What could be wrong? I mean, of course, besides the usual devastating consequences, as discussed in a previous TftD. (Which makes the question of "what could be wrong" about as insensitive as "Other than that, Mrs. Lincoln, how was the play?") Besides, perhaps your friend might have decided to stay home that night and just suck down some brewskies while watching something on the idiot box. In which case, he really would have only been transgressing Rabbinic ordinances and completely without intention. Driving to your house, however, is certainly desecrating the Shabbos, certainly with intent. You, by causing that, have transgressed the Torah prohibition to not put a stumbling block before the naive.

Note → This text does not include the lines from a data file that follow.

lemma dA1_attained:
  obtains us where "length us = dA1 w" "set us \<subseteq> genAsym" "eqvG (concat us) w"
proof -
  obtain us0 where "set us0 \<subseteq> genAsym" "concat us0 = w"
    using genAsym_generates by blast
  then have "\<exists>us. length us = length us0 \<and> set us \<subseteq> genAsym \<and> eqvG (concat us) w"
    using eqvG.refl by blast
  then have "\<exists>us. length us = dA1 w \<and> set us \<subseteq> genAsym \<and> eqvG (concat us) w"
    unfolding dA1_def by (rule LeastI)
  then show ?thesis
    using that by blast
qed

definition vertex :: "word list \<Rightarrow> nat \<Rightarrow> int \<times> int" where
  "vertex us i = pos (concat (take i us))"

lemma lamp_pairing_concat_visits:
  assumes "set us \<subseteq> genAsym" "lamp_pairing l (concat us)"
  shows "\<exists>i \<le> length us. l (vertex us i)"
  using assms
proof (induction us arbitrary: l)
  case (Cons u us)
  show ?case
  proof (cases "lamp_pairing l u")
    case True
    then have "l (vertex (u # us) 0) \<or> l (vertex (u # us) 1)"
      using genAsym_lamp_pairing[of u l] Cons.prems(1) by (auto simp: vertex_def)
    then show ?thesis by force
  next
    case False
    then have "lamp_pairing (\<lambda>v. l (pos u + v)) (concat us)"
      using Cons.prems(2) by (simp add: lamp_pairing_append)
    then obtain i where "i \<le> length us" "l (pos u + vertex us i)"
      using Cons.IH Cons.prems(1) by auto
    then have "Suc i \<le> length (u # us)" "l (vertex (u # us) (Suc i))"
      by (auto simp: vertex_def)
    then show ?thesis by blast
  qed
qed simp

lemma vertex_step_norm:
  assumes "set us \<subseteq> genAsym" "i < length us"
  shows "\<bar>fst (vertex us (Suc i)) - fst (vertex us i)\<bar>
    + \<bar>snd (vertex us (Suc i)) - snd (vertex us i)\<bar> \<le> 1"
proof -
  have "vertex us (Suc i) = vertex us i + pos (us ! i)"
    using assms(2) by (simp add: vertex_def take_Suc_conv_app_nth)
  moreover have "us ! i \<in> genAsym"
    using assms nth_mem by blast
  ultimately show ?thesis
    using genAsym_step_norm by simp
qed

lemma abs_diff_le_variation:
  fixes f :: "nat \<Rightarrow> 'a::ordered_ab_group_add_abs"
  assumes "i \<le> j"
  shows "\<bar>f j - f i\<bar> \<le> (\<Sum>l = i..<j. \<bar>f (Suc l) - f l\<bar>)"
proof -
  have "\<bar>f j - f i\<bar> = \<bar>\<Sum>l = i..<j. f (Suc l) - f l\<bar>"
    using sum_Suc_diff'[OF assms, of f] by simp
  also have "\<dots> \<le> (\<Sum>l = i..<j. \<bar>f (Suc l) - f l\<bar>)"
    by (rule sum_abs)
  finally show ?thesis .
qed

lemma closed_variation_ge:
  fixes f :: "nat \<Rightarrow> 'a::linordered_idom"
  assumes "f 0 = f k" "i \<le> k" "j \<le> k"
  shows "2 * \<bar>f j - f i\<bar> \<le> (\<Sum>l<k. \<bar>f (Suc l) - f l\<bar>)"
proof -
  let ?V = "\<lambda>a b. \<Sum>l = a..<b. \<bar>f (Suc l) - f l\<bar>"
  have ordered: "2 * \<bar>f j - f i\<bar> \<le> ?V 0 k" if "i \<le> j" "j \<le> k" for i j
  proof -
    have "\<bar>f j - f i\<bar> = \<bar>(f k - f j) + (f i - f 0)\<bar>"
      using assms(1) by (simp add: abs_minus_commute algebra_simps)
    also have "\<dots> \<le> \<bar>f k - f j\<bar> + \<bar>f i - f 0\<bar>"
      by (rule abs_triangle_ineq)
    also have "\<dots> \<le> ?V j k + ?V 0 i"
      using abs_diff_le_variation that by (metis add_mono zero_le)
    finally have around: "\<bar>f j - f i\<bar> \<le> ?V 0 i + ?V j k"
      by simp
    have between: "\<bar>f j - f i\<bar> \<le> ?V i j"
      using abs_diff_le_variation that(1) by blast
    have "?V 0 i + ?V i j + ?V j k = ?V 0 k"
      using that by (simp add: sum.atLeastLessThan_concat)
    then show ?thesis
      using add_mono[OF between around] by simp
  qed
  have "2 * \<bar>f j - f i\<bar> \<le> ?V 0 k"
    using ordered[of i j] ordered[of j i] assms(2,3) by (metis abs_minus_commute nat_le_linear)
  then show ?thesis
    by (simp add: atLeast0LessThan)
qed

lemma closed_walk_width:
  fixes P :: "nat \<Rightarrow> int \<times> int"
  assumes closed: "P 0 = P k"
    and steps: "\<And>l. l < k \<Longrightarrow> \<bar>fst (P (Suc l)) - fst (P l)\<bar> + \<bar>snd (P (Suc l)) - snd (P l)\<bar> \<le> 1"
    and "i \<le> k" "j \<le> k" "i' \<le> k" "j' \<le> k"
  shows "2 * (\<bar>fst (P i) - fst (P j)\<bar> + \<bar>snd (P i') - snd (P j')\<bar>) \<le> int k"
proof -
  have "2 * \<bar>fst (P i) - fst (P j)\<bar> \<le> (\<Sum>l<k. \<bar>fst (P (Suc l)) - fst (P l)\<bar>)"
    using closed_variation_ge[of "\<lambda>l. fst (P l)" k j i] closed assms(3,4) by simp
  moreover have "2 * \<bar>snd (P i') - snd (P j')\<bar> \<le> (\<Sum>l<k. \<bar>snd (P (Suc l)) - snd (P l)\<bar>)"
    using closed_variation_ge[of "\<lambda>l. snd (P l)" k j' i'] closed assms(5,6) by simp
  moreover have "(\<Sum>l<k. \<bar>fst (P (Suc l)) - fst (P l)\<bar> + \<bar>snd (P (Suc l)) - snd (P l)\<bar>) \<le> (\<Sum>l<k. 1)"
    using steps by (rule sum_mono) simp
  ultimately show ?thesis
    unfolding sum.distrib by simp
qed

lemma pos_wpow: "pos (wpow w k) = (int k * fst (pos w), int k * snd (pos w))"
  by (induction k) (auto simp: wpow_def zero_prod_def prod_eq_iff algebra_simps)

lemma lamp_pairing_without_a:
  assumes "Ga \<notin> fst ` set w"
  shows "\<not> lamp_pairing l w"
  using assms by (induction w arbitrary: l) auto

lemma lamp_pairing_wpow:
  assumes "w \<in> {ws, wsi, wt, wti}"
  shows "\<not> lamp_pairing l (wpow w k)"
  using assms by (intro lamp_pairing_without_a) (auto simp: wpow_def ws_def wsi_def wt_def wti_def)

lemma pos_gword: "pos (gword n) = 0"
  by (simp add: gword_def pos_wpow ws_def wsi_def wt_def wti_def wa_def zero_prod_def)

lemma lamp_pairing_gword:
  "lamp_pairing l (gword n) = (l (int n, 0) \<noteq> (l (0, int n) \<noteq> l (0, - int n)))"
  by (simp add: gword_def lamp_pairing_append pos_wpow lamp_pairing_wpow
      ws_def wsi_def wt_def wti_def wa_def zero_prod_def)

lemma eqvG_lamp_pairing_visits:
  assumes "set us \<subseteq> genAsym" "eqvG (concat us) w" "admissible l" "lamp_pairing l w"
  shows "\<exists>i \<le> length us. l (vertex us i)"
  using assms lamp_pairing_concat_visits eqvG_invariants by blast

theorem mainTheorem6:
  fixes n :: nat
  assumes "n \<ge> 1"
  shows "dA1 (gword n) \<ge> 6 * n"
proof -
  obtain us where us: "length us = dA1 (gword n)" "set us \<subseteq> genAsym" "eqvG (concat us) (gword n)"
    by (rule dA1_attained)
  let ?P = "vertex us" and ?k = "length us"
  have closed: "?P 0 = ?P ?k"
    using eqvG_invariants[OF us(3)] by (simp add: vertex_def pos_gword)
  let ?E = "\<lambda>v. pascal_parity ((0, - int n) + v)"
  have E: "admissible ?E"
    by (rule admissible_shift[OF admissible_pascal_parity])
  obtain a where a: "a \<le> ?k" "int n \<le> snd (?P a)"
    using eqvG_lamp_pairing_visits[OF us(2,3) E] assms
    by (auto simp: lamp_pairing_gword dest!: pascal_parity_nonneg)
  obtain b where b: "b \<le> ?k" "int n \<le> fst (?P b)"
    using eqvG_lamp_pairing_visits[OF us(2,3) admissible_swap[OF E]] assms
    by (auto simp: lamp_pairing_gword case_prod_beta)
  obtain c where c: "c \<le> ?k" "fst (?P c) + snd (?P c) \<le> - int n"
    using eqvG_lamp_pairing_visits[OF us(2,3) admissible_rotate[OF E]] assms
    by (auto simp: lamp_pairing_gword case_prod_beta)
  have "2 * (\<bar>fst (?P b) - fst (?P c)\<bar> + \<bar>snd (?P a) - snd (?P c)\<bar>) \<le> int ?k"
    using closed_walk_width[OF closed vertex_step_norm[OF us(2)]] a(1) b(1) c(1) by blast
  then have "6 * int n \<le> int ?k"
    using a(2) b(2) c(2) abs_ge_self[of "fst (?P b) - fst (?P c)"]
      abs_ge_self[of "snd (?P a) - snd (?P c)"] by (smt (verit))
  then show ?thesis
    using us(1) by linarith
qed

But forget what I say, and forget what logic dictates. Ask R' Fuerst; he'll tell you "no". And if you push, R' Fuerst will tell you, "It's not what I say, it's what our גדולי ישראל/current sages say." In fact, R' Fuerst just said over (again, I have heard it from him before) at the Sunday morning shiur (so it's recorded; not that R' Fuerst is shy about saying things "on the record") an interesting story on that point. A rav (whom R' Fuerst did not name) kept pushing R' Fuerst to agree that it is ok to invite Jews over for Shabbos in order to bring them closer to Torah. R' Fuerst told him, "Listen... you are going to Eretz Yisrael, why don't you go ask R' Elyashiv?" The rav didn't think he would be able to get in to see the great R' Elyashiv. R' Fuerst told him, "Don't worry; I'll get you in." (I am always taken aback by that. We call R' Fuerst all the time like it's nothing... but R' Fuerst is so well known world wide that he has no trouble promising to get someone in to see the גדולים in Eretz Yisrael.) The rav said he didn't speak Yiddish. R' Fuerst told him, "Don't worry; I'll arrange a translator for you.... Hebrew, Yiddish, English... whatever you want." The rav agreed.

A few weeks passed and the rav didn't call R' Fuerst to tell him the psak from R' Elyashiv. So R' Fuerst called him to ask what R' Elyashiv said. The rav said, "R' Elyashiv doesn't really understand the issues." R' Fuerst explained quite clearly that it was not R' Elyashiv that didn't understand the issue. The rav has apparently not spoken with R' Fuerst since.

Today is a big day for me. I finished the 5th chapter of Bava Metzia. (By the way... that makes 148 daf -- 74 daf twice; I do a chapter and then I immediately review -- for me in just under three years. Now you understand why I don't learn Daf Yomi... I need more like a Daf Shavui program.) On daf 75b (the last page of chapter 5), R' Shimon says that those who lend at interest (which is, of course, a Torah prohibition) lose more than they gain, because they are in effect saying, "Moshe Rabbeinu just didn't understand; surely if he had realized there is a profit to be made, he never would have written that in the Torah."